What’s on the outside also counts: 7 in 10 US female beauty consumers say it’s important to look their best when leaving the house

30479400The reasons for using beauty products are different for every women. Whether it is to enhance, to cover up, to join a trend or to express individuality, new research from Mintel reveals that seven in 10 US female beauty consumers (71 percent) agree that it’s important to always look their best when leaving the house. What’s more, 69 percent say that they get a boost of self esteem from using beauty products.

In addition to looking their best, female beauty product consumers value originality as the vast majority (81 percent) believe it is important to express a personal style rather than follow the latest beauty trends. Meanwhile, two thirds (64 percent) believe that it’s important to keep up a youthful appearance.

Total US retail sales of beauty products have been on a positive growth trajectory for several years, reaching an estimated $46.2 billion in 2015. Mintel projects beauty product sales to post gains through 2020, growing at an annual average rate of two-three percent. What’s more, the beauty category is dominated by three segments, with color cosmetics making up 31 percent of market share, followed by haircare (24 percent) and facial skincare (21 percent)*.

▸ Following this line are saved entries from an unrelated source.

(* Let $\varepsilon>0$. The equilibrium point $$\overline{\mathbf x_0}=\Big(-\frac{a}{a_1},-\frac{b}{a_2},-\frac{c}{a_3}\Big)$$ of the $\varepsilon$-revised system $$\dot{\mathbf x}=\mathbf x\times\mathbf m(\mathbf x)+\varepsilon[(\mathbf x\times\mathbf m(\mathbf x))\times\mathbf m(\mathbf x)]$$ is Lyapunov stable.
   Context: Fix constants $0<a_1<a_2<a_3$ and $a,b,c\in\mathbb R$. Set $\mathbf m(\mathbf x)=(a_1x^1+a,\ a_2x^2+b,\ a_3x^3+c)$; $\times$ is the cross product in $\mathbb R^3$. Note that $\mathbf m(\overline{\mathbf x_0})=\mathbf 0$. *)

theory Defs
  imports "HOL-Analysis.Analysis"
begin

definition mfield :: "real \<Rightarrow> real \<Rightarrow> real \<Rightarrow> real \<Rightarrow> real \<Rightarrow> real \<Rightarrow> real^3 \<Rightarrow> real^3" where
  "mfield a1 a2 a3 a b c x = vector [a1 * x$1 + a, a2 * x$2 + b, a3 * x$3 + c]"

definition revised_field :: "real \<Rightarrow> real \<Rightarrow> real \<Rightarrow> real \<Rightarrow> real \<Rightarrow> real \<Rightarrow> real \<Rightarrow> real^3 \<Rightarrow> real^3" where
  "revised_field a1 a2 a3 a b c eps x =
     cross3 x (mfield a1 a2 a3 a b c x)
     + eps *\<^sub>R cross3 (cross3 x (mfield a1 a2 a3 a b c x)) (mfield a1 a2 a3 a b c x)"

definition is_solution_on :: "(real^3 \<Rightarrow> real^3) \<Rightarrow> (real \<Rightarrow> real^3) \<Rightarrow> real \<Rightarrow> bool" where
  "is_solution_on f x T \<longleftrightarrow>
     (\<forall>t\<in>{0..T}. (x has_vector_derivative f (x t)) (at t within {0..T}))"

definition lyapunov_stable :: "(real^3 \<Rightarrow> real^3) \<Rightarrow> real^3 \<Rightarrow> bool" where
  "lyapunov_stable f x0 \<longleftrightarrow>
     (\<forall>e>0. \<exists>d>0. \<forall>x T. is_solution_on f x T \<and> norm (x 0 - x0) < d \<longrightarrow>
        (\<forall>t\<in>{0..T}. norm (x t - x0) < e))"

end

theory Submission
  imports Defs
begin

text \<open>The field m is half the gradient of
  W(z) = a1 (z1 + a/a1)^2 + a2 (z2 + b/a2)^2 + a3 (z3 + c/a3)^2, a positive definite quadratic
  form in z - x0 with eigenvalues a1, a2, a3. Both terms of the revised field are cross products
  with m, hence orthogonal to the gradient of W, so W is a first integral. A solution therefore
  stays on a level set of W, and a1 |z - x0|^2 \<le> W(z) \<le> a3 |z - x0|^2 yields stability.\<close>

lemma norm3_squared: "(norm (z::real^3))^2 = (z$1)^2 + (z$2)^2 + (z$3)^2"
  by (simp add: norm_vec_def L2_set_def sum_3)

lemma conserved_along_solution:
  fixes V :: "real^3 \<Rightarrow> real"
  assumes V_deriv: "\<And>z. (V has_derivative (\<lambda>h. inner (g z) h)) (at z)"
    and orth: "\<And>z. inner (g z) (f z) = 0"
    and sol: "is_solution_on f x T" and t: "t \<in> {0..T}"
  shows "V (x t) = V (x 0)"
proof -
  have "\<exists>k. \<forall>s\<in>{0..T}. V (x s) = k"
  proof (rule has_derivative_zero_constant)
    fix s assume s: "s \<in> {0..T}"
    have "(x has_derivative (\<lambda>r. r *\<^sub>R f (x s))) (at s within {0..T})"
      using sol s unfolding is_solution_on_def has_vector_derivative_def by blast
    from has_derivative_compose[OF this V_deriv]
    show "((\<lambda>s. V (x s)) has_derivative (\<lambda>h. 0)) (at s within {0..T})"
      by (simp add: orth)
  qed simp
  then show ?thesis
    using t by force
qed

lemma lyapunov_stable_of_conserved_quadratic_bounds:
  fixes V :: "real^3 \<Rightarrow> real"
  assumes "0 < k"
    and lower: "\<And>z. k * (norm (z - x0))^2 \<le> V z"
    and upper: "\<And>z. V z \<le> K * (norm (z - x0))^2"
    and conserved: "\<And>x T t. is_solution_on f x T \<Longrightarrow> t \<in> {0..T} \<Longrightarrow> V (x t) = V (x 0)"
  shows "lyapunov_stable f x0"
  unfolding lyapunov_stable_def
proof (intro allI impI)
  fix e :: real assume "e > 0"
  have "k \<le> K"
    using lower[of "x0 + axis 1 1"] upper[of "x0 + axis 1 1"] by simp
  with \<open>0 < k\<close> have "0 < K" by simp
  define d where "d = e * sqrt (k / K)"
  have "d > 0"
    using \<open>e > 0\<close> \<open>0 < k\<close> \<open>0 < K\<close> by (simp add: d_def)
  moreover have "norm (x t - x0) < e"
    if "is_solution_on f x T" "norm (x 0 - x0) < d" "t \<in> {0..T}" for x T t
  proof -
    have "k * (norm (x t - x0))^2 \<le> K * (norm (x 0 - x0))^2"
      using lower[of "x t"] upper[of "x 0"] conserved[OF that(1,3)] by simp
    also have "\<dots> < K * d^2"
      using that(2) \<open>0 < K\<close> by (intro mult_strict_left_mono power_strict_mono) auto
    also have "\<dots> = k * e^2"
      using \<open>0 < k\<close> \<open>0 < K\<close> by (simp add: d_def power_mult_distrib)
    finally have "(norm (x t - x0))^2 < e^2"
      using \<open>0 < k\<close> by simp
    then show ?thesis
      using \<open>e > 0\<close> by (simp add: power_less_imp_less_base)
  qed
  ultimately show "\<exists>d>0. \<forall>x T. is_solution_on f x T \<and> norm (x 0 - x0) < d \<longrightarrow>
      (\<forall>t\<in>{0..T}. norm (x t - x0) < e)"
    by blast
qed

definition mfield_energy :: "real \<Rightarrow> real \<Rightarrow> real \<Rightarrow> real \<Rightarrow> real \<Rightarrow> real \<Rightarrow> real^3 \<Rightarrow> real" where
  "mfield_energy a1 a2 a3 a b c z =
     a1 * (z$1 + a / a1)^2 + a2 * (z$2 + b / a2)^2 + a3 * (z$3 + c / a3)^2"

lemma inner_mfield_revised_field:
  "inner (mfield a1 a2 a3 a b c z) (revised_field a1 a2 a3 a b c eps z) = 0"
  unfolding revised_field_def
  by (simp add: inner_add_right dot_cross_self)

lemma has_derivative_mfield_energy:
  assumes "a1 \<noteq> 0" "a2 \<noteq> 0" "a3 \<noteq> 0"
  shows "(mfield_energy a1 a2 a3 a b c has_derivative
           (\<lambda>h. inner (2 *\<^sub>R mfield a1 a2 a3 a b c z) h)) (at z)"
proof -
  have nth: "((\<lambda>x. x$i) has_derivative (\<lambda>h. h$i)) (at z)" for i :: 3
    by (simp add: bounded_linear_imp_has_derivative bounded_linear_vec_nth)
  show ?thesis
    unfolding mfield_energy_def [abs_def]
    by (rule derivative_eq_intros nth refl)+
      (use assms in \<open>simp add: fun_eq_iff mfield_def inner_vec_def sum_3 algebra_simps\<close>)
qed

lemma mfield_energy_bounds:
  fixes a1 a2 a3 a b c :: real
  assumes "0 < a1" "a1 \<le> a2" "a2 \<le> a3"
  defines "x0 \<equiv> vector [- a / a1, - b / a2, - c / a3] :: real^3"
  shows "a1 * (norm (z - x0))^2 \<le> mfield_energy a1 a2 a3 a b c z"
    and "mfield_energy a1 a2 a3 a b c z \<le> a3 * (norm (z - x0))^2"
proof -
  have norm_eq: "(norm (z - x0))^2 = (z$1 + a / a1)^2 + (z$2 + b / a2)^2 + (z$3 + c / a3)^2"
    by (simp add: norm3_squared x0_def)
  have mono: "a1 * r^2 \<le> a2 * r^2" "a2 * r^2 \<le> a3 * r^2" for r :: real
    using assms(2,3) by (auto intro: mult_right_mono)
  show "a1 * (norm (z - x0))^2 \<le> mfield_energy a1 a2 a3 a b c z"
    using mono(1)[of "z$2 + b / a2"] mono(1)[of "z$3 + c / a3"] mono(2)[of "z$3 + c / a3"]
    unfolding mfield_energy_def norm_eq by (simp add: algebra_simps)
  show "mfield_energy a1 a2 a3 a b c z \<le> a3 * (norm (z - x0))^2"
    using mono(1)[of "z$1 + a / a1"] mono(2)[of "z$1 + a / a1"] mono(2)[of "z$2 + b / a2"]
    unfolding mfield_energy_def norm_eq by (simp add: algebra_simps)
qed

theorem theorem6p2:
  fixes a1 a2 a3 a b c eps :: real
  assumes "0 < a1" and "a1 < a2" and "a2 < a3" and "eps > 0"
  shows "lyapunov_stable (revised_field a1 a2 a3 a b c eps)
           (vector [- a / a1, - b / a2, - c / a3])"
proof -
  have conserved: "mfield_energy a1 a2 a3 a b c (x t) = mfield_energy a1 a2 a3 a b c (x 0)"
    if "is_solution_on (revised_field a1 a2 a3 a b c eps) x T" "t \<in> {0..T}" for x T t
    using assms
    by (intro conserved_along_solution[OF has_derivative_mfield_energy _ that])
      (auto simp: inner_mfield_revised_field)
  from assms have "0 < a1" "a1 \<le> a2" "a2 \<le> a3"
    by simp_all
  from lyapunov_stable_of_conserved_quadratic_bounds
    [OF \<open>0 < a1\<close> mfield_energy_bounds[OF this] conserved]
  show ?thesis .
qed

end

“The overall beauty and personal care market has been on a positive growth trajectory in recent years, with beauty product sales expected to continue to grow, driven by an improving economy and growth in the US population. Positive consumer attitudes underpin the high usage of beauty products and suggest marketing themes related to both confidence and the pleasure of a beauty routine are likely to resonate with women. Whether for mass or prestige brands, it is important to highlight how women can create diverse, personal looks and cultivate their own style rather than showcasing the newest trends,” said Margie Nanninga, Beauty Analyst at Mintel.

While the competitive beauty landscape can drive consumer interest, it can also be difficult to navigate as nearly two thirds of female beauty consumers (65 percent) find the number of options when shopping for products overwhelming. However, more than half (57 percent) find pleasure in shopping for beauty products and nearly two thirds (63 percent) enjoy sampling products.

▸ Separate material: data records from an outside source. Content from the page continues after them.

lemma plane_median_lipschitz:
  "linf_dist (plane_median a b c) (plane_median a' b' c')
     \<le> linf_dist a a' + linf_dist b b' + linf_dist c c'"
  using med_lipschitz[of "fst a" "fst b" "fst c" "fst a'" "fst b'" "fst c'"]
    med_lipschitz[of "snd a" "snd b" "snd c" "snd a'" "snd b'" "snd c'"]
  unfolding plane_median_def linf_dist_def by (simp, smt (verit) max.cobounded1 max.cobounded2)

lemma plane_median_idem [simp]: "plane_median a a b = a"
  unfolding plane_median_def by simp

lemma plane_median_commute_12: "plane_median a b c = plane_median b a c"
  unfolding plane_median_def by (metis med_commute_12)

lemma plane_median_commute_23: "plane_median a b c = plane_median a c b"
  unfolding plane_median_def by (metis med_commute_23)

lemma plane_median_assoc:
  "plane_median (plane_median a b c) b e = plane_median a b (plane_median c b e)"
  unfolding plane_median_def by (simp add: med_assoc)

lemma plane_median_in_product:
  assumes "x \<in> S \<times> T" "y \<in> S \<times> T" "z \<in> S \<times> T"
  shows "plane_median x y z \<in> S \<times> T"
  using assms med_cases[of "fst x" "fst y" "fst z"] med_cases[of "snd x" "snd y" "snd z"]
  unfolding plane_median_def by (auto simp: mem_Times_iff)

lemma median_algebra_plane_median:
  assumes "\<And>x y z. x \<in> S \<Longrightarrow> y \<in> S \<Longrightarrow> z \<in> S \<Longrightarrow> plane_median x y z \<in> S"
  shows "median_algebra S plane_median"
  unfolding median_algebra_def
  using assms plane_median_commute_12 plane_median_commute_23 plane_median_assoc by auto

Shoppers often turn to other consumers, rather than brands, for information and ideas about beauty products: nearly one third of women who use beauty products rely on recommendations from family and friends (32 percent). This is especially true for Millennial female beauty consumers with 37 percent looking to product reviews, compared to 32 percent of female beauty consumers overall. What’s more, one quarter of female Millennials who use beauty products (25 percent) get their information from beauty blogs as compared to just 16 percent of female beauty consumers overall.

“Our research shows that the majority of women feel overwhelmed by the number of products available in this highly fragmented and competitive beauty market. As such, consumers may be lacking the appropriate education on how best to make purchases that are right for them, highlighting a need for tools to help differentiate between products and brands. While broad-based, traditional advertising and packaging are vital to reaching older consumers, Millennial-focused brands and product lines must have a strong online presence. Millennials are looking for the personal, interactive experience offered by mobile apps and social media sites, which are readily accessible via smartphones,” continued Nanninga.

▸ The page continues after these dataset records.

theorem lemma7:
  fixes f f1 f2 :: "real \<Rightarrow> real" and c :: real
  assumes c: "0 < c" "c < 1"
    and f_maps: "\<forall>x\<in>{0..1}. f x \<in> {0..1}"
    and f_discont: "\<not> continuous (at c within {0..1}) f"
    and contr: "\<exists>L::real. 0 < L \<and> L < 1 \<and>
        (\<forall>x\<in>{0..<c}. \<forall>y\<in>{0..<c}. \<bar>f x - f y\<bar> \<le> L * \<bar>x - y\<bar>) \<and>
        (\<forall>x\<in>{c<..1}. \<forall>y\<in>{c<..1}. \<bar>f x - f y\<bar> \<le> L * \<bar>x - y\<bar>)"
    and f1_ext: "continuous_on {0..c} f1" "\<forall>x\<in>{0..<c}. f1 x = f x"
      "\<forall>x\<in>{0..c}. f1 x \<in> {0..1}"
    and f2_ext: "continuous_on {c..1} f2" "\<forall>x\<in>{c<..1}. f2 x = f x"
      "\<forall>x\<in>{c..1}. f2 x \<in> {0..1}"
    and f1_inc: "strict_mono_on {0..c} f1"
    and f2_inc: "strict_mono_on {c..1} f2"
    and order: "0 = f2 c" "f2 c < f2 1" "f2 1 < f1 0" "f1 0 < f1 c" "f1 c = 1"
    and hyp: "\<forall>k::nat. c \<notin> closure ((f ^^ k) ` {f 1<..<f 0})"
  shows "(\<forall>k::nat. (f ^^ k) ` {f 1<..<f 0} = {(f ^^ Suc k) 1<..<(f ^^ Suc k) 0})
       \<and> (\<forall>n\<ge>1. Lambda f c n = {0..1} - (\<Union>k<n. (f ^^ k) ` {f 1<..<f 0}))
       \<and> {0, 1} \<subseteq> Xtilde f c
       \<and> (\<forall>n\<ge>1. \<forall>A\<in>atoms f c n. \<exists>p q. A = {(f ^^ p) 0..(f ^^ q) 1})"
proof -
  interpret increasing_gap_map_avoiding_c f f1 f2 c
    by unfold_locales (use assms in auto)
  have "\<forall>k. (f ^^ k) ` {f 1<..<f 0} = {(f ^^ Suc k) 1<..<(f ^^ Suc k) 0}"
    using H_eq_orbit_interval by (simp add: H_def)
  moreover have "\<forall>n. Lambda f c n = {0..1} - (\<Union>k<n. (f ^^ k) ` {f 1<..<f 0})"
    using Lambda_eq_complement_gaps by (simp add: H_def)
  moreover have "{0, 1} \<subseteq> Xtilde f c"
    using orbits_avoid_c by (auto simp: Xtilde_def)
  moreover have "\<forall>A\<in>atoms f c n. \<exists>p q. A = {(f ^^ p) 0..(f ^^ q) 1}" for n
    using atom_word_orbit_interval by (auto simp: atoms_def)
  ultimately show ?thesis
    by blast
qed

end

Although most (54 percent) enjoy following a beauty regimen, nearly seven in 10 women who use beauty products (69 percent) spend just 20 minutes or less on their daily beauty routine. In fact, the majority (84 percent) of female beauty consumers report having only basic or intermediate skills, while more than half (56 percent) either don’t or rarely experiment. Consequently, ease of use (45 percent) is one of the top reasons for purchase, surpassed only by benefit (52 percent), and followed by products usually used by the consumer (41 percent).

“Even as the majority of women use some beauty products on a regular basis and many enjoy shopping, sampling and using products, we find that most women are prioritizing effective, easy-to-apply products. While products that are easy to apply will have maximum appeal to a wide range of women, the key challenge for brands is how to more deeply and systematically engage with users at different tiers of interest to help them become more dedicated and passionate beauty product users,” concluded Nanninga.